受文献[12]的启发, 本文考虑一定条件下泛函$f(u)$存在一个局部极小的临界点以及山路引理形式的另一个临界点, 运用Lions^[10]的集中紧致原理, 证明上述两个临界点的可达性, 从而得到问题(1.1)至少有两个弱解存在性的结果, 即本文的主要结果.

定理1.1  假设$g(x)\in L^{\frac{2N}{N+2}}({\Bbb R}^N)$, $g(x)\geq0$且$g(x)\not\equiv 0$, 则存在常数$C$, 当$\parallel g\parallel_{L^{\frac{2N}{N+2}}({\Bbb R}^N)}\leq C$时, 问题(1.1)至少有两个非平凡解.

在本文中$L^p({\Bbb R}^N)$的范数记为$\mid\cdot\mid_p$, $ {\cal D}^{1, 2}({\Bbb R}^N)$表示$C^\infty({\Bbb R}^N)$在范数$\parallel u\parallel=(\int(\mid\triangledown u\mid^2+\frac{u^2}{\mid x\mid^2}) {\rm d}x)^\frac{1}{2}$下的完备空间.为了证明我们的结果, 我们需要如下几个引理.
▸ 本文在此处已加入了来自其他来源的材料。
(* Let $S=(X,\prec,\sqsubset)$ be a finite so-structure. Then: (1) for all $\alpha,\beta\in X$: $\alpha\in[\beta]$ if and only if for every $\lhd\in ext(S)$, either $\alpha=\beta$ or $\alpha\frown_\lhd\beta$; (2) there exists $\lhd\in ext(S)$ such that $\Omega_\lhd=[\gamma_1]\dots[\gamma_k]$ for some $\gamma_1,\dots,\gamma_k\in X$, i.e. every step of $\Omega_\lhd$ is a $\equiv_\sqsubset$-equivalence class; (3) if $[\alpha]\,(\hat\sqsubset)^{\mathrm{cov}}\,[\beta]$, then there exists $\lhd\in ext(S)$ with $\Omega_\lhd=[\delta_1]\dots[\delta_m]$ for some $\delta_1,\dots,\delta_m\in X$, and some $1\le i<m$ with $\alpha\in[\delta_i]$ and $\beta\in[\delta_{i+1}]$.
   Context: A stratified order structure (so-structure) is a triple $S=(X,\prec,\sqsubset)$ with $\prec,\sqsubset\subseteq X\times X$ such that for all $\alpha,\beta,\gamma\in X$: (S1) $\neg(\alpha\sqsubset\alpha)$; (S2) $\alpha\prec\beta\Rightarrow\alpha\sqsubset\beta$; (S3) $\alpha\sqsubset\beta\sqsubset\gamma\wedge\alpha\neq\gamma\Rightarrow\alpha\sqsubset\gamma$; (S4) $(\alpha\sqsubset\beta\wedge\beta\prec\gamma)\vee(\alpha\prec\beta\wedge\beta\sqsubset\gamma)\Rightarrow\alpha\prec\gamma$. For a relation $\lhd$ on $X$: $\alpha\frown_\lhd\beta$ iff $\alpha\neq\beta$, $\neg(\alpha\lhd\beta)$ and $\neg(\beta\lhd\alpha)$; $\lhd^\frown:=\lhd\cup\frown_\lhd$. A partial order $\lhd$ is stratified if $\frown_\lhd\cup\mathrm{id}_X$ is an equivalence relation. For a stratified order $\lhd$ on a finite set $X$, $\Omega_\lhd=B_1\dots B_k$ denotes the unique sequence of nonempty pairwise disjoint sets with union $X$ such that $\lhd=\bigcup_{i<j}B_i\times B_j$. A stratified extension of $S$ is a stratified order $\lhd$ on $X$ with $\prec\subseteq\lhd$ and $\sqsubset\subseteq\lhd^\frown$; $ext(S)$ is the set of all stratified extensions of $S$. Define $\alpha\equiv_\sqsubset\beta$ iff $\alpha=\beta$ or ($\alpha\sqsubset\beta$ and $\beta\sqsubset\alpha$); $[\alpha]$ is the equivalence class of $\alpha$. On the classes, $[\alpha]\,\hat\sqsubset\,[\beta]$ iff $[\alpha]\neq[\beta]$ and $([\alpha]\times[\beta])\cap\sqsubset\neq\emptyset$. For a relation $R$, its covering relation is $R^{\mathrm{cov}}:=\{(x,y): xRy\wedge\neg\exists z\,(xRz\wedge zRy)\}$. *)

theory Defs
  imports Main
begin

definition so_structure :: "'a set \<Rightarrow> 'a rel \<Rightarrow> 'a rel \<Rightarrow> bool" where
  "so_structure X prec sq \<longleftrightarrow>
     prec \<subseteq> X \<times> X \<and> sq \<subseteq> X \<times> X \<and>
     (\<forall>a\<in>X. (a, a) \<notin> sq) \<and>
     (\<forall>a\<in>X. \<forall>b\<in>X. (a, b) \<in> prec \<longrightarrow> (a, b) \<in> sq) \<and>
     (\<forall>a\<in>X. \<forall>b\<in>X. \<forall>c\<in>X. (a, b) \<in> sq \<and> (b, c) \<in> sq \<and> a \<noteq> c \<longrightarrow> (a, c) \<in> sq) \<and>
     (\<forall>a\<in>X. \<forall>b\<in>X. \<forall>c\<in>X.
        ((a, b) \<in> sq \<and> (b, c) \<in> prec) \<or> ((a, b) \<in> prec \<and> (b, c) \<in> sq) \<longrightarrow> (a, c) \<in> prec)"

definition frown :: "'a set \<Rightarrow> 'a rel \<Rightarrow> 'a rel" where
  "frown X R = {(a, b). a \<in> X \<and> b \<in> X \<and> a \<noteq> b \<and> (a, b) \<notin> R \<and> (b, a) \<notin> R}"

definition partial_order_on_X :: "'a set \<Rightarrow> 'a rel \<Rightarrow> bool" where
  "partial_order_on_X X R \<longleftrightarrow> R \<subseteq> X \<times> X \<and> irrefl R \<and> trans R"

definition stratified_order :: "'a set \<Rightarrow> 'a rel \<Rightarrow> bool" where
  "stratified_order X R \<longleftrightarrow> partial_order_on_X X R \<and> equiv X (frown X R \<union> Id_on X)"

definition ext :: "'a set \<Rightarrow> 'a rel \<Rightarrow> 'a rel \<Rightarrow> 'a rel set" where
  "ext X prec sq = {R. stratified_order X R \<and> prec \<subseteq> R \<and> sq \<subseteq> R \<union> frown X R}"

text \<open>step_seq X R Bs: Bs is the step sequence \<Omega>_R of R
  (nonempty, pairwise disjoint steps covering X, with R = union of B_i x B_j for i < j).\<close>
definition step_seq :: "'a set \<Rightarrow> 'a rel \<Rightarrow> 'a set list \<Rightarrow> bool" where
  "step_seq X R Bs \<longleftrightarrow>
     (\<forall>i < length Bs. Bs ! i \<noteq> {}) \<and>
     (\<forall>i < length Bs. \<forall>j < length Bs. i \<noteq> j \<longrightarrow> Bs ! i \<inter> Bs ! j = {}) \<and>
     \<Union>(set Bs) = X \<and>
     R = (\<Union>i < length Bs. \<Union>j \<in> {i<..<length Bs}. Bs ! i \<times> Bs ! j)"

definition sq_class :: "'a set \<Rightarrow> 'a rel \<Rightarrow> 'a \<Rightarrow> 'a set" where
  "sq_class X sq a = {b \<in> X. b = a \<or> ((a, b) \<in> sq \<and> (b, a) \<in> sq)}"

definition hat_sq :: "'a set \<Rightarrow> 'a rel \<Rightarrow> 'a set rel" where
  "hat_sq X sq = {(sq_class X sq a, sq_class X sq b) | a b. a \<in> X \<and> b \<in> X \<and>
      sq_class X sq a \<noteq> sq_class X sq b \<and>
      (sq_class X sq a \<times> sq_class X sq b) \<inter> sq \<noteq> {}}"

definition cov :: "'b rel \<Rightarrow> 'b rel" where
  "cov R = {(x, y). (x, y) \<in> R \<and> \<not> (\<exists>z. (x, z) \<in> R \<and> (z, y) \<in> R)}"

end

theory Submission
  imports Defs
begin

(* Call a, b equivalent when a = b or a \<sqsubset> b \<sqsubset> a; the classes [a] are
   ordered by the lifted relation hat_sq, which is a strict partial order.
   (i) Any list of nonempty pairwise disjoint blocks B_1 ... B_k determines the
   stratified order "earlier block before later block", whose step sequence is
   exactly that list and whose incomparability relation is "same block".
   (ii) Every finite strict partial order has a linear extension, listed as a
   sequence; if p is covered by q, one can even place q right after p.
   (iii) Listing the classes along a linear extension of hat_sq and applying (i)
   yields a stratified extension of S whose steps are the classes.  This gives
   part (2), the backward direction of part (1) (elements of different classes
   are comparable there), and, with the covering version of (ii), part (3).
   The forward direction of part (1) holds in every extension: two mutually
   \<sqsubset>-related elements can be ordered in neither direction. *)


section \<open>Linear extensions of finite strict partial orders\<close>

definition linearizes :: "'b rel \<Rightarrow> 'b set \<Rightarrow> 'b list \<Rightarrow> bool" where
  "linearizes P A L \<longleftrightarrow> set L = A \<and> distinct L \<and> sorted_wrt (\<lambda>x y. (y, x) \<notin> P) L"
引理2.1(Brezis-lieb引理)  $\{u_n\}\subset L^p({\Bbb R}^N), 1\leq p < \infty$.如果$\{u_n\}$在$L^p({\Bbb R}^N)$中有界, 且$u_n\rightarrow u$在${\Bbb R}^N$中几乎处处成立, 则

$ \begin{equation} \lim_{n\rightarrow\infty}(\mid u_n\mid_p^p-\mid u_n-u\mid_p^p)=\mid u\mid_p^p. \end{equation} $

(2.1)

引理2.2(Ekeland变分原理)  ${X}$是一个Banach空间, $\varphi\in{\cal C}^1({X}, R)$具有下界, $v\in{X}$且$\varepsilon, \delta > 0$,

$ \begin{equation} \varphi(v)\leq\inf_X\varphi+\varepsilon, \end{equation} $

(2.2)

则存在$u\in{X}$使得

$ \begin{equation} \varphi(u)\leq\inf_X\varphi+2\varepsilon, \parallel\varphi'(u)\parallel\leq\frac{8\varepsilon}{\delta}, \parallel u-v\parallel \leq2\delta. \end{equation} $

(2.3)

引理2.3  假设$\{u_n\}$是${\cal D}^{1, 2}({\Bbb R}^N)$中一序列满足$ I_g(u_n)\rightarrow c < \frac{1}{N}S^{\frac{N}{2}}, I'_g(u_n)\rightarrow 0$, 那么在$\{u_n\}$中存在一个强收敛的子序列.

证  由已知条件

$ \begin{equation} I_g(u_n)=\frac{1}{2}\int_{{\Bbb R}^N}(\mid\triangledown u_n\mid^2+\frac{u_n^2}{\mid x\mid^2}){\rm d}x-\frac{1}{2^*}\int_{{\Bbb R}^N}\mid u_n\mid^{2^*}{\rm d}x-\int_{{\Bbb R}^N} g(x)u_n{\rm d}x\rightarrow c, \end{equation} $

(2.4)

以及对任意$\varphi\in{\cal D}^{1, 2}({\Bbb R}^N)$, 有

$ \begin{eqnarray} \langle I'_g(u_n), \varphi\rangle &=&\int_{{\Bbb R}^N}(\triangledown u_n\triangledown \varphi+\frac{u_n \varphi}{\mid x\mid^2}){\rm d}x-\int_{{\Bbb R}^N}\mid u_n\mid^{2^*-2}u_n \varphi {\rm d}x-\int_{{\Bbb R}^N}g(x)\varphi {\rm d}x\\ &=&o(1)\parallel\varphi\parallel . \end{eqnarray} $

(2.5)

首先可得$\{u_n\}$在${\cal D}^{1, 2}({\Bbb R}^N)$中有界.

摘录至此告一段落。